Als financiële PvdA-man weet ik begin jaren tachtig het ontslag van 1500 ambtenaren terug te brengen tot 900. De dag erop staat in het Utrechts Nieuwsblad: Nog nooit ontsloeg de PvdA zoveel ambtenaren. Ik denk: shit, dat had ik, dat had de PvdA, anders moeten aanpakken. Een paar jaar later schrijf ik een artikel over verstandig bezuinigen in de zorg op basis van economische publicaties uit de crisisjaren dertig en ook een beetje vanwege mijn eigen ervaringen toen.

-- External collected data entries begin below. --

definition mobius :: "'a::field \<Rightarrow> 'a \<Rightarrow> 'a \<Rightarrow> 'a \<Rightarrow> 'a \<Rightarrow> 'a" where
  "mobius \<alpha> \<beta> \<gamma> \<delta> x = (\<alpha>*x + \<beta>) / (\<gamma>*x + \<delta>)"

lemma inj_on_mobius:
  assumes "\<alpha>*\<delta> - \<beta>*\<gamma> \<noteq> 0" and "\<And>x. x \<in> A \<Longrightarrow> \<gamma>*x + \<delta> \<noteq> 0"
  shows "inj_on (mobius \<alpha> \<beta> \<gamma> \<delta>) A"
proof (rule inj_onI)
  fix x y assume x: "x \<in> A" and y: "y \<in> A" and eq: "mobius \<alpha> \<beta> \<gamma> \<delta> x = mobius \<alpha> \<beta> \<gamma> \<delta> y"
  have "(\<alpha>*\<delta> - \<beta>*\<gamma>) * (x - y) = (\<alpha>*x+\<beta>) * (\<gamma>*y+\<delta>) - (\<alpha>*y+\<beta>) * (\<gamma>*x+\<delta>)"
    by (simp add: algebra_simps)
  also have "\<dots> = 0"
    using eq assms(2)[OF x] assms(2)[OF y] by (simp add: mobius_def field_simps)
  finally show "x = y"
    using assms(1) by simp
qed

lemma sum_of_fractions_eq_iff:
  fixes a b c d1 d2 :: "'a::field"
  assumes "d1 \<noteq> 0" and "d2 \<noteq> 0"
  shows "a/d1 + b/d2 = c \<longleftrightarrow> a*d2 + b*d1 - c*d1*d2 = 0"
proof -
  have "a/d1 + b/d2 - c = (a*d2 + b*d1 - c*d1*d2) / (d1*d2)"
    using assms by (simp add: field_simps)
  thus ?thesis using assms by (metis divide_eq_0_iff eq_iff_diff_eq_0 mult_eq_0_iff)
qed

lemma divide_square_artin_schreier:
  fixes B C L T :: "'a::field"
  assumes "B \<noteq> 0" and "C = L*B + T^2 + T*B"
  shows "C / B^2 = L / B + artin_schreier (T / B)"
  using assms by (simp add: artin_schreier_def field_simps power2_eq_square)

context
  assumes char_two: "CHAR('a::{field,finite}) = 2"
begin

lemma two_eq_zero: "(2::'a) = 0"
  using of_nat_CHAR[where 'a = 'a] char_two by simp

lemma add_self_eq_zero: "(x::'a) + x = 0"
  by (metis mult_2 mult_zero_left two_eq_zero)

lemma minus_eq_self: "- (x::'a) = x"
  by (metis add_eq_0_iff add_self_eq_zero)

lemma frobenius_additive: "((x::'a) + y) ^ (2^k) = x ^ (2^k) + y ^ (2^k)"
  by (rule freshmans_dream'[where n = k]) (simp_all add: char_two)

lemma square_add: "((x::'a) + y)^2 = x^2 + y^2"
  using frobenius_additive[of x y 1] by simp

text \<open>In a finite field of characteristic 2 every element is a square, since squaring is
  an injective additive map.\<close>
lemma exists_square_root: "\<exists>r::'a. r^2 = z"
proof -
  have "inj (\<lambda>y::'a. y^2)"
  proof (rule injI)
    fix y w :: 'a assume "y^2 = w^2"
    hence "(y + w)^2 = 0"
      by (simp add: square_add add_self_eq_zero)
    hence "y = - w" by (simp add: eq_neg_iff_add_eq_0)
    thus "y = w" by (simp add: minus_eq_self)
  qed
  hence "surj (\<lambda>y::'a. y^2)"
    by (simp add: finite_UNIV_inj_surj)
  thus ?thesis by (metis surjD)
qed

lemma artin_schreier_add: "artin_schreier ((z::'a) + t) = artin_schreier z + artin_schreier t"
  by (simp add: artin_schreier_def square_add algebra_simps)

lemma artin_schreier_eq_iff: "artin_schreier (x::'a) = artin_schreier z \<longleftrightarrow> x = z \<or> x = z + 1"
proof -
  have "artin_schreier x - artin_schreier z = (x + z) * (x + z + 1)"
    by (simp add: artin_schreier_def power2_eq_square algebra_simps minus_eq_self two_eq_zero)
  moreover have "x + z = 0 \<longleftrightarrow> x = z" and "x + z + 1 = 0 \<longleftrightarrow> x = z + 1"
    by (metis add_diff_cancel_right' add_self_eq_zero add.assoc)+
  ultimately show ?thesis by auto
qed
lemma quadratic_form_two_points:
  fixes G :: "real mat" and s :: real
  assumes G: "G \<in> carrier_mat n n" and "p < n" "q < n" "p \<noteq> q"
  defines "v \<equiv> vec n (\<lambda>i. if i = p then 1 else if i = q then s else 0)"
  shows "v \<bullet> (G *\<^sub>v v) = G $$ (p, p) + s * (G $$ (p, q) + G $$ (q, p)) + s\<^sup>2 * G $$ (q, q)"
proof -
  have Gv: "(G *\<^sub>v v) $ i = G $$ (i, p) + G $$ (i, q) * s" if "i < n" for i
    using G that sum_two_points[of "{0..<n}" p q "\<lambda>k. G $$ (i, k)" 1 s] assms(2-4)
    by (simp add: v_def mult_mat_vec_def scalar_prod_def row_def)
  have "v \<bullet> (G *\<^sub>v v)
      = (\<Sum>i\<in>{0..<n}. (G *\<^sub>v v) $ i * (if i = p then 1 else if i = q then s else 0))"
    using G by (simp add: v_def scalar_prod_def mult.commute)
  also have "\<dots> = (G $$ (p, p) + G $$ (p, q) * s) * 1 + (G $$ (q, p) + G $$ (q, q) * s) * s"
    using sum_two_points[of "{0..<n}" p q "\<lambda>i. (G *\<^sub>v v) $ i" 1 s] assms(2-4) by (simp add: Gv)
  finally show ?thesis
    by (simp add: algebra_simps power2_eq_square)
qed

lemma positive_definite_mat_pair:
  fixes G :: "real mat"
  assumes "positive_definite_mat n G" "G \<in> carrier_mat n n" "p < n" "q < n" "p \<noteq> q"
  shows "\<bar>G $$ (p, q) + G $$ (q, p)\<bar> < G $$ (p, p) + G $$ (q, q)"
proof -
  have "0 < G $$ (p, p) + s * (G $$ (p, q) + G $$ (q, p)) + s\<^sup>2 * G $$ (q, q)" if "s\<^sup>2 = 1" for s
  proof -
    let ?v = "vec n (\<lambda>i. if i = p then 1 else if i = q then s else 0) :: real vec"
    have "?v $ p \<noteq> 0"
      using assms(3) by simp
    then have "?v \<noteq> 0\<^sub>v n"
      using assms(3) by (metis index_zero_vec(1))
    then have "0 < ?v \<bullet> (G *\<^sub>v ?v)"
      using assms(1) unfolding positive_definite_mat_def by simp
    then show ?thesis
      using quadratic_form_two_points[OF assms(2-5)] by simp
  qed
  from this[of 1] this[of "-1"] show ?thesis
    by auto
qed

Promoveren op regionale samenwerking
Grondlegger van de gezondheidseconomie in Nederland is Lou Groot. Ik promoveer in 1980 bij hem en Hattinga Verschure op regionale samenwerking en financiering in Nederland, Engeland en Zweden. Ik reis in de periode 1974 – 1980 veel naar die andere landen. In zijn laudatio na de promotie noemt Lou mij een wetenschapper, een politicus en een journalist. Ik denk na en kies definitief voor het eerste beroep. Ik kies in 1984 voor de academie en niet voor de politiek. Want: wetenschap is inhoudelijker dan omgaan met macht.
In 1987 word ik hoogleraar samen met de ervaren Joop van Londen. Ik weet niets van management. Mijn secretaresse Margriet geeft mij een postboek: Dat moet je afhandelen. Leiding geven aan medewerkers gaat mij in het begin ook niet goed af. In 1988 trouw ik met Els. Een jaar later wordt de oudste van onze drie kinderen geboren.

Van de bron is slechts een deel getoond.